Introduction: Drug-induced rhinitis is a form of non-allergic rhinitis associated with prolonged use of nasal vasoconstrictors. The objective of this study is to assess the prevalence of use of nasal vasoconstrictors in a sample of students of different undergraduate programs and compare them with undergraduate students of medicine and other academic courses of the Lutheran University of Brazil (ULBRA), Canoas. Methods: Cross-sectional study carried out in the first half of 2012. The association between variables was evaluated using the chi-square test or Fisher exact test. The level of significance was set at 5% (p <0.05) and the analyses were performed using SPSS version 18.0. Results: The sample was composed of 405 students. The period of use in the groups was less than three days (approximately 43%).
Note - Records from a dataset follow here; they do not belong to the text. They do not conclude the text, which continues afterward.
lemma boundary_flux_tendsto_0:
  assumes "jcont J" "decays J" "s \<le> t"
  shows "(\<lambda>n. integral {s..t} (\<lambda>\<tau>. J \<tau> (real n) - J \<tau> (- real n))) \<longlonglongrightarrow> 0"
proof -
  obtain C where C: "\<And>\<tau> x. \<bar>\<tau>\<bar> \<le> max \<bar>s\<bar> \<bar>t\<bar> \<Longrightarrow> norm (J \<tau> x) \<le> C / (1 + x\<^sup>2)"
    using \<open>decays J\<close> unfolding decays_def by meson
  have "norm (integral {s..t} (\<lambda>\<tau>. J \<tau> (real n) - J \<tau> (- real n)))
      \<le> (C / (1 + (real n)\<^sup>2) + C / (1 + (real n)\<^sup>2)) * (t - s)" for n
  proof (rule integral_bound[OF \<open>s \<le> t\<close>])
    show "continuous_on {s..t} (\<lambda>\<tau>. J \<tau> (real n) - J \<tau> (- real n))"
      by (intro continuous_intros jcont_slice_t \<open>jcont J\<close>)
    fix \<tau> assume "\<tau> \<in> {s..t}"
    then have \<tau>: "\<bar>\<tau>\<bar> \<le> max \<bar>s\<bar> \<bar>t\<bar>" by auto
    show "norm (J \<tau> (real n) - J \<tau> (- real n)) \<le> C / (1 + (real n)\<^sup>2) + C / (1 + (real n)\<^sup>2)"
      using norm_triangle_le_diff[OF add_mono[OF C[OF \<tau>, of "real n"] C[OF \<tau>, of "- real n"]]]
      by simp
  qed
  then have "\<forall>\<^sub>F n in sequentially.
      norm (integral {s..t} (\<lambda>\<tau>. J \<tau> (real n) - J \<tau> (- real n))) \<le> 2 * C * (t - s) / (1 + (real n)\<^sup>2)"
    by (simp add: field_simps)
  moreover have "(\<lambda>n. 2 * C * (t - s) / (1 + (real n)\<^sup>2)) \<longlonglongrightarrow> 0"
    by real_asymp
  ultimately show ?thesis
    by (rule Lim_null_comparison)
qed

lemma integral_conserved_if_flux_decays:
  fixes h H J :: "real \<Rightarrow> real \<Rightarrow> complex"
  assumes h_t: "\<And>t x. ((\<lambda>s. h s x) has_vector_derivative H t x) (at t)"
    and J_x: "\<And>t x. ((\<lambda>y. J t y) has_vector_derivative H t x) (at x)"
    and "jcont h" "jcont H" "jcont J" "decays h" "decays J"
  shows "integral UNIV (h t) = integral UNIV (h s)"
proof -
  have forward: "integral UNIV (h t) = integral UNIV (h s)" if "s \<le> t" for s t
  proof -
    have "(\<lambda>n. integral {-real n..real n} (h t) - integral {-real n..real n} (h s))
        \<longlonglongrightarrow> integral UNIV (h t) - integral UNIV (h s)"
      by (intro tendsto_diff integral_symmetric_intervals_tendsto_slice assms(3,6))
    moreover have "(\<lambda>n. integral {-real n..real n} (h t) - integral {-real n..real n} (h s)) \<longlonglongrightarrow> 0"
      using boundary_flux_tendsto_0[OF assms(5,7) \<open>s \<le> t\<close>]
      by (simp add: integral_interval_change_eq_boundary_flux[OF h_t J_x assms(3,4) \<open>s \<le> t\<close>])
    ultimately show ?thesis
      using LIMSEQ_unique by fastforce
  qed
  show ?thesis
    using forward[of s t] forward[of t s] by (cases "s \<le> t") auto
qed

section \<open>The PT-symmetric Soler system\<close>

(* Pointwise content of the local conservation law: a, ax, aT, axt stand for \<psi>1 and its
   derivatives, ca, cax, ... for their conjugates (likewise b for \<psi>2), V for g \<rho>^k; the
   hypotheses are the field equations and their conjugates. *)
lemma soler_flux_identity:
  fixes a ca b cb ax cax bx cbx aT caT bT cbT axt bxt V m \<gamma> i :: complex
  assumes "i * i = -1"
    and "i * aT = bx - V * a + m * a + i * \<gamma> * b"
    and "- i * caT = cbx - V * ca + m * ca - i * \<gamma> * cb"
    and "i * bT = - ax + V * b - m * b + i * \<gamma> * a"
    and "- i * cbT = - cax + V * cb - m * cb - i * \<gamma> * ca"
  shows "caT * bx + ca * bxt - (cbT * ax + cb * axt) + (m - V) * (aT * ca + a * caT - (bT * cb + b * cbT))
    = cax * bT + ca * bxt - (cbx * aT + cb * axt) - \<gamma> * (ax * ca + a * cax - (bx * cb + b * cbx))"
  using assms by algebra

(* \<rho> as a polynomial in the fields and their conjugates, so that the product rule applies. *)
definition rhoC :: "(real \<Rightarrow> real \<Rightarrow> complex) \<Rightarrow> (real \<Rightarrow> real \<Rightarrow> complex) \<Rightarrow> real \<Rightarrow> real \<Rightarrow> complex"
  where "rhoC a b t x = a t x * cnj (a t x) - b t x * cnj (b t x)"

lemma of_real_rho: "complex_of_real (rho a b t x) = rhoC a b t x"
  by (simp only: rho_def rhoC_def of_real_diff complex_norm_square)

lemma cnj_rhoC [simp]: "cnj (rhoC a b t x) = rhoC a b t x"
  by (simp add: rhoC_def mult.commute)

lemma jcont_rhoC: "jcont a \<Longrightarrow> jcont b \<Longrightarrow> jcont (rhoC a b)"
  unfolding rhoC_def by (intro jcont_intros)

lemma decays_rhoC: "decays a \<Longrightarrow> decays b \<Longrightarrow> decays (rhoC a b)"
  unfolding rhoC_def by (intro decays_intros)

definition rhoC_deriv ::
  "(real \<Rightarrow> real \<Rightarrow> complex) \<Rightarrow> (real \<Rightarrow> real \<Rightarrow> complex) \<Rightarrow> (real \<Rightarrow> real \<Rightarrow> complex) \<Rightarrow>
    (real \<Rightarrow> real \<Rightarrow> complex) \<Rightarrow> real \<Rightarrow> real \<Rightarrow> complex"
  where "rhoC_deriv a b a' b' t x =
    a' t x * cnj (a t x) + a t x * cnj (a' t x) - (b' t x * cnj (b t x) + b t x * cnj (b' t x))"

lemma has_vector_derivative_rhoC_t:
  assumes "((\<lambda>s. a s x) has_vector_derivative a' t x) (at t)"
    and "((\<lambda>s. b s x) has_vector_derivative b' t x) (at t)"
  shows "((\<lambda>s. rhoC a b s x) has_vector_derivative rhoC_deriv a b a' b' t x) (at t)"
  unfolding rhoC_def rhoC_deriv_def
  by (rule has_vector_derivative_eq_rhs, (rule derivative_eq_intros assms refl)+)
     (simp add: algebra_simps)

lemma has_vector_derivative_rhoC_x:
  assumes "((\<lambda>y. a t y) has_vector_derivative a' t x) (at x)"
    and "((\<lambda>y. b t y) has_vector_derivative b' t x) (at x)"
  shows "((\<lambda>y. rhoC a b t y) has_vector_derivative rhoC_deriv a b a' b' t x) (at x)"
  unfolding rhoC_def rhoC_deriv_def
  by (rule has_vector_derivative_eq_rhs, (rule derivative_eq_intros assms refl)+)
     (simp add: algebra_simps)

lemma has_vector_derivative_power:
  fixes f :: "real \<Rightarrow> 'a::real_normed_field"
  assumes "(f has_vector_derivative f') (at x within S)"
  shows "((\<lambda>x. f x ^ n) has_vector_derivative of_nat n * f' * f x ^ (n - 1)) (at x within S)"
  using has_derivative_power[OF assms[unfolded has_vector_derivative_def]]
  unfolding has_vector_derivative_def
  by (rule has_derivative_eq_rhs) (simp add: fun_eq_iff scaleR_conv_of_real algebra_simps)

locale soler_solution =
  fixes m g \<gamma> :: real and k :: nat and a aT aX aM b bT bX bM :: "real \<Rightarrow> real \<Rightarrow> complex"
  assumes a_t: "\<And>t x. ((\<lambda>s. a s x) has_vector_derivative aT t x) (at t)"
    and a_x: "\<And>t x. ((\<lambda>y. a t y) has_vector_derivative aX t x) (at x)"
    and aX_t: "\<And>t x. ((\<lambda>s. aX s x) has_vector_derivative aM t x) (at t)"
    and aT_x: "\<And>t x. ((\<lambda>y. aT t y) has_vector_derivative aM t x) (at x)"
    and b_t: "\<And>t x. ((\<lambda>s. b s x) has_vector_derivative bT t x) (at t)"
    and b_x: "\<And>t x. ((\<lambda>y. b t y) has_vector_derivative bX t x) (at x)"
    and bX_t: "\<And>t x. ((\<lambda>s. bX s x) has_vector_derivative bM t x) (at t)"
    and bT_x: "\<And>t x. ((\<lambda>y. bT t y) has_vector_derivative bM t x) (at x)"
    and jcont: "jcont a" "jcont aT" "jcont aX" "jcont aM" "jcont b" "jcont bT" "jcont bX" "jcont bM"
    and decays: "decays a" "decays aT" "decays aX" "decays b" "decays bT" "decays bX"
    and equation_a: "\<And>t x. \<i> * aT t x = bX t x - of_real g * rhoC a b t x ^ k * a t x
      + of_real m * a t x + \<i> * of_real \<gamma> * b t x"
    and equation_b: "\<And>t x. \<i> * bT t x = - aX t x + of_real g * rhoC a b t x ^ k * b t x
      - of_real m * b t x + \<i> * of_real \<gamma> * a t x"
begin

definition energy_density :: "real \<Rightarrow> real \<Rightarrow> complex" where
  "energy_density t x = cnj (a t x) * bX t x - cnj (b t x) * aX t x + of_real m * rhoC a b t x
     - of_real (g / (real k + 1)) * rhoC a b t x ^ (k + 1)"

definition energy_flux :: "real \<Rightarrow> real \<Rightarrow> complex" where
  "energy_flux t x = cnj (a t x) * bT t x - cnj (b t x) * aT t x - of_real \<gamma> * rhoC a b t x"

definition energy_density_dt :: "real \<Rightarrow> real \<Rightarrow> complex" where
  "energy_density_dt t x =
     cnj (aT t x) * bX t x + cnj (a t x) * bM t x - (cnj (bT t x) * aX t x + cnj (b t x) * aM t x)
     + (of_real m - of_real g * rhoC a b t x ^ k) * rhoC_deriv a b aT bT t x"

lemma has_vector_derivative_energy_density:
  "((\<lambda>s. energy_density s x) has_vector_derivative energy_density_dt t x) (at t)"
proof -
  have "g / (real k + 1) * real (k + 1) = g"
    by (simp add: add.commute)
  then have coeff: "of_real (g / (real k + 1)) * (of_nat (k + 1) :: complex) = of_real g"
    by (metis of_real_mult of_real_of_nat_eq)
  show ?thesis
    unfolding energy_density_def energy_density_dt_def
    by (rule has_vector_derivative_eq_rhs,
        (rule derivative_eq_intros a_t b_t aX_t bX_t has_vector_derivative_rhoC_t
          has_vector_derivative_power refl)+)
       (simp add: algebra_simps flip: coeff del: of_real_divide of_nat_Suc)
qed

lemma has_vector_derivative_energy_flux:
  "((\<lambda>y. energy_flux t y) has_vector_derivative energy_density_dt t x) (at x)"
proof -
  have flux_x: "((\<lambda>y. energy_flux t y) has_vector_derivative
      cnj (aX t x) * bT t x + cnj (a t x) * bM t x - (cnj (bX t x) * aT t x + cnj (b t x) * aM t x)
      - of_real \<gamma> * rhoC_deriv a b aX bX t x) (at x)"
    unfolding energy_flux_def
    by (rule has_vector_derivative_eq_rhs,
        (rule derivative_eq_intros a_x b_x aT_x bT_x has_vector_derivative_rhoC_x refl)+)
       (simp add: algebra_simps)
  have "cnj (\<i> * aT t x) = cnj (bX t x - of_real g * rhoC a b t x ^ k * a t x
      + of_real m * a t x + \<i> * of_real \<gamma> * b t x)"
    "cnj (\<i> * bT t x) = cnj (- aX t x + of_real g * rhoC a b t x ^ k * b t x
      - of_real m * b t x + \<i> * of_real \<gamma> * a t x)"
    using equation_a equation_b by simp_all
  then have "energy_density_dt t x = cnj (aX t x) * bT t x + cnj (a t x) * bM t x
      - (cnj (bX t x) * aT t x + cnj (b t x) * aM t x) - of_real \<gamma> * rhoC_deriv a b aX bX t x"
    unfolding energy_density_dt_def rhoC_deriv_def
    by (intro soler_flux_identity[where i = \<i>] equation_a equation_b) simp_all
  with flux_x show ?thesis by simp
qed

lemma jcont_energy_density: "jcont energy_density"
  unfolding energy_density_def[abs_def] by (intro jcont_intros jcont_rhoC jcont)

lemma jcont_energy_density_dt: "jcont energy_density_dt"
  unfolding energy_density_dt_def[abs_def] rhoC_deriv_def by (intro jcont_intros jcont_rhoC jcont)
About 15% of students in each group used decongestant drops for more than one and less than two weeks. 10% of students used drop decongestant for up to 30 days. 4.5% (medical group) and 3% (other courses) used them for two months. 6.8% of the medical students used nasal decongestant for more than one year, compared to 5.5% in the group of other courses. Conclusion: The difference between the prevalence of nasal vasoconstrictors in students of medicine and in other academic courses was not significant. However, the prevalence of nasal vasoconstrictors in all groups was high, which shows the need for greater awareness about the risks of using such medications.